→ **DATA UNDER STUDY**
(* Let $(V,\mathcal{E})$ be a forward neutral or backward neutral genealogy model (e.g. the lookdown representation) based on $\tau,(X_n),(k_n)$ with $\tau=\infty$. If $t^o_\infty=\infty$, then fixation occurs almost surely.
   Context: Data: $\tau=\infty$, positive integers $(X_n)_{n\ge0}$, vectors $k_n=(k_n(i))_{i=1}^{X_n}$ of nonnegative integers with $\sum_ik_n(i)=X_{n+1}$. $V_n=\{(n,i):1\le i\le X_n\}$, $V=\bigcup_nV_n$. A genealogy model is a random edge set $\mathcal{E}\subset\bigcup_nV_n\times V_{n+1}$ such that each vertex of $V_{n+1}$ has exactly one parent in $V_n$ and for each $n$ the out-degrees $(\mathrm{od}(v))_{v\in V_n}$ are a permutation of $k_n$. Let $\mathcal{E}_n=\mathcal{E}\cap(V_n\times V_{n+1})$, $K_n=(\mathrm{od}((n,i)))_{i}$, and $\Xi_n$ the partition of $V_{n+1}$ into sibling sets. Forward neutral: for all $n$, $K_n$ is exchangeable and independent of $(\mathcal{E}_m)_{m<n}$. Backward neutral: for all $n$, $\Xi_n$ is exchangeable (equal in law to $\{\pi(A):A\in\Xi_n\}$ for each fixed permutation $\pi$ of $V_{n+1}$) and independent of $(\mathcal{E}_m)_{m>n}$. The lookdown representation: fix a partition $\xi_n$ of $\{1,\dots,X_{n+1}\}$ with block sizes the nonzero entries of $k_n$, take independent uniform permutations $\sigma_n$ of $\{1,\dots,X_{n+1}\}$, list the blocks of $\{\sigma_n(A):A\in\xi_n\}$ by increasing least element as $B_1,\dots,B_{\ell_n}$, and connect $(n,i)$ to $(n+1,j)$ for $j\in B_i$. $D_m(v)$ denotes the descendants of $v\in V_n$ in $V_m$. Fixation: for each $n$ there is $m>n$ with $D_m(v)=\emptyset$ for all but one $v\in V_n$. Truncated coalescent time scale: $L_n=\#\{i:k_n(i)\ge2\}$, $s_n^o=\frac{2L_n}{X_{n+1}(X_{n+1}-1)}$, $t_n^o=\sum_{m<n}s_m^o$, $t_\infty^o=\lim_nt_n^o$. *)

theory Defs
  imports "HOL-Probability.Probability"
begin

→ **WHAT THE EXERCISE ASKS**
Copy every line that contains "representation" from the listing above.

→ **ANSWER TO THIS PROBLEM**
(* Let $(V,\mathcal{E})$ be a forward neutral or backward neutral genealogy model (e.g. the lookdown representation) based on $\tau,(X_n),(k_n)$ with $\tau=\infty$. If $t^o_\infty=\infty$, then fixation occurs almost surely.
   Context: Data: $\tau=\infty$, positive integers $(X_n)_{n\ge0}$, vectors $k_n=(k_n(i))_{i=1}^{X_n}$ of nonnegative integers with $\sum_ik_n(i)=X_{n+1}$. $V_n=\{(n,i):1\le i\le X_n\}$, $V=\bigcup_nV_n$. A genealogy model is a random edge set $\mathcal{E}\subset\bigcup_nV_n\times V_{n+1}$ such that each vertex of $V_{n+1}$ has exactly one parent in $V_n$ and for each $n$ the out-degrees $(\mathrm{od}(v))_{v\in V_n}$ are a permutation of $k_n$. Let $\mathcal{E}_n=\mathcal{E}\cap(V_n\times V_{n+1})$, $K_n=(\mathrm{od}((n,i)))_{i}$, and $\Xi_n$ the partition of $V_{n+1}$ into sibling sets. Forward neutral: for all $n$, $K_n$ is exchangeable and independent of $(\mathcal{E}_m)_{m<n}$. Backward neutral: for all $n$, $\Xi_n$ is exchangeable (equal in law to $\{\pi(A):A\in\Xi_n\}$ for each fixed permutation $\pi$ of $V_{n+1}$) and independent of $(\mathcal{E}_m)_{m>n}$. The lookdown representation: fix a partition $\xi_n$ of $\{1,\dots,X_{n+1}\}$ with block sizes the nonzero entries of $k_n$, take independent uniform permutations $\sigma_n$ of $\{1,\dots,X_{n+1}\}$, list the blocks of $\{\sigma_n(A):A\in\xi_n\}$ by increasing least element as $B_1,\dots,B_{\ell_n}$, and connect $(n,i)$ to $(n+1,j)$ for $j\in B_i$. $D_m(v)$ denotes the descendants of $v\in V_n$ in $V_m$. Fixation: for each $n$ there is $m>n$ with $D_m(v)=\emptyset$ for all but one $v\in V_n$. Truncated coalescent time scale: $L_n=\#\{i:k_n(i)\ge2\}$, $s_n^o=\frac{2L_n}{X_{n+1}(X_{n+1}-1)}$, $t_n^o=\sum_{m<n}s_m^o$, $t_\infty^o=\lim_nt_n^o$. *)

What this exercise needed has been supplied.